Is a Data Engineer the same thing as a BI or DBA?

A Data Engineer is someone who has specialized their skills in creating software solutions around data. Their skills are predominantly based around Hadoop, Spark, and the open source Big Data ecosystem. They usually program in Java, Scala, or Python. They have an in-depth knowledge of creating data pipelines. Data pipelines are how data is brought in, processed, and create some kind of business value. This business value is usually reports, analytics, and dashboarding. More advanced examples are fraud analytics or predictive analytics pipelines.

They are not a DBA (Database Administrator), Business Intelligence, Data Analyst, or ETL Developer. That’s not to say a person with these titles couldn’t be a Data Engineer. Rather, people with these titles will need training and probably entirely new skills to become a Data Engineer.

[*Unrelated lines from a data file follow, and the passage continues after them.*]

lemma matroid_card_indep_le_rank:
  assumes "matroid N Ind" "A \<in> Ind"
  shows "card A \<le> matroid_rank Ind"
  unfolding matroid_rank_def using matroid_finite_indep[OF assms(1)] assms(2) by simp

lemma matroid_rank_attained:
  assumes "matroid N Ind"
  obtains X where "X \<in> Ind" "card X = matroid_rank Ind"
proof -
  have "{} \<in> Ind" using assms unfolding matroid_def by simp
  then have "Ind \<noteq> {}" by blast
  then have "matroid_rank Ind \<in> card ` Ind"
    unfolding matroid_rank_def using matroid_finite_indep[OF assms] by simp
  then show ?thesis using that by (metis imageE)
qed

lemma contract_base_union_indep:
  assumes "is_base (contract_ground N S) (contract_indep N Ind S) B"
  shows "B \<subseteq> N - S" "B \<union> S \<in> Ind"
  using assms unfolding is_base_def contract_indep_def by auto

lemma contract_base_card:
  assumes matroid: "matroid N Ind" and "S \<in> Ind"
    and base: "is_base (contract_ground N S) (contract_indep N Ind S) B"
  shows "finite B" "card B + card S = matroid_rank Ind"
proof -
  note BS = contract_base_union_indep[OF base]
  show "finite B"
    using matroid_indep_finite[OF matroid BS(2)] by simp
  moreover have "finite S"
    using matroid_indep_finite[OF matroid \<open>S \<in> Ind\<close>] .
  ultimately have card_BS: "card (B \<union> S) = card B + card S"
    using BS by (intro card_Un_disjoint) auto
  obtain X where X: "X \<in> Ind" "card X = matroid_rank Ind"
    using matroid_rank_attained[OF matroid] .
  have "\<not> card (B \<union> S) < matroid_rank Ind"
  proof
    assume "card (B \<union> S) < matroid_rank Ind"
    then obtain x where x: "x \<in> X - (B \<union> S)" "insert x (B \<union> S) \<in> Ind"
      using matroid_augment[OF matroid BS(2) X(1)] X(2) by metis
    have "x \<in> contract_ground N S - B"
      using x matroid_indep_subset_ground[OF matroid X(1)] unfolding contract_ground_def by blast
    moreover have "insert x B \<in> contract_indep N Ind S"
      using x \<open>x \<in> contract_ground N S - B\<close> BS
      unfolding contract_indep_def contract_ground_def by (simp add: insert_subset)
    ultimately show False
      using base unfolding is_base_def by blast
  qed
  then show "card B + card S = matroid_rank Ind"
    using matroid_card_indep_le_rank[OF matroid BS(2)] card_BS by simp
qed
theorem lemma8:
  shows "\<exists>C::real. \<forall>(L::nat) (l::nat) (Dh::real).
    (\<exists>n. L = 2 ^ n) \<and> 2 \<le> L \<and> (\<exists>j. l = 2 ^ j) \<and> 2 * l \<le> L \<and> C \<le> Dh \<longrightarrow>
      finite {hb \<in> coarse_fns L l. maxq L l hb < Dh} \<and>
      ln (real (card {hb \<in> coarse_fns L l. maxq L l hb < Dh}))
        \<le> C * (real L / real l) * ln Dh"
proof (rule exI[of _ 8], intro allI impI, elim conjE exE)
  fix L l :: nat and Dh :: real and n j
  assume L: "L = 2 ^ n" and l: "l = 2 ^ j" and "2 * l \<le> L" and "8 \<le> Dh"
  have "(2::nat) ^ Suc j \<le> 2 ^ n" using \<open>2 * l \<le> L\<close> by (simp add: L l)
  hence "Suc j \<le> n" by (rule power_le_imp_le_exp[rotated]) simp
  then obtain t where "n = j + Suc t" using less_iff_Suc_add[of j n] by auto
  hence L': "L = l * 2 ^ Suc t" by (simp add: L l power_add)
  have "ln (real (card (low_energy L l Dh))) \<le> real (5 * 2 ^ t) * ln Dh"
    using card_low_energy_le[OF L' l \<open>8 \<le> Dh\<close>] \<open>8 \<le> Dh\<close> by (intro ln_le_of_le_power) auto
  also have "\<dots> = 5 / 2 * (real L / real l) * ln Dh" by (simp add: L' l)
  also have "\<dots> \<le> 8 * (real L / real l) * ln Dh" using \<open>8 \<le> Dh\<close> by (intro mult_right_mono) auto
  finally show "finite {hb \<in> coarse_fns L l. maxq L l hb < Dh} \<and>
      ln (real (card {hb \<in> coarse_fns L l. maxq L l hb < Dh})) \<le> 8 * (real L / real l) * ln Dh"
    using card_low_energy_le_prod_card_level_codes(1)[OF L' l] by (simp add: low_energy_def)
qed

end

Usually, they’ll need more programming skills and Big Data skills than most people with these titles.

Data Engineers are tasked with creating data pipelines and data products. Complex data pipelines are often outside the abilities of non-programmers because they require custom programming and code.

Does a Data Engineer need to use Java?

A Data Engineer’s primary language needs to be Java. They’ll also need to know SQL and I highly recommend they know at least one dynamic language like Python or Scala.

If you look around the Big Data ecosystem, virtually every one of the projects has a Java API. Some projects may support a Java API and another language. That doesn’t mean everything in a data pipeline is limited to Java. Some pipelines will be a mix of Java, SQL, and a dynamic language.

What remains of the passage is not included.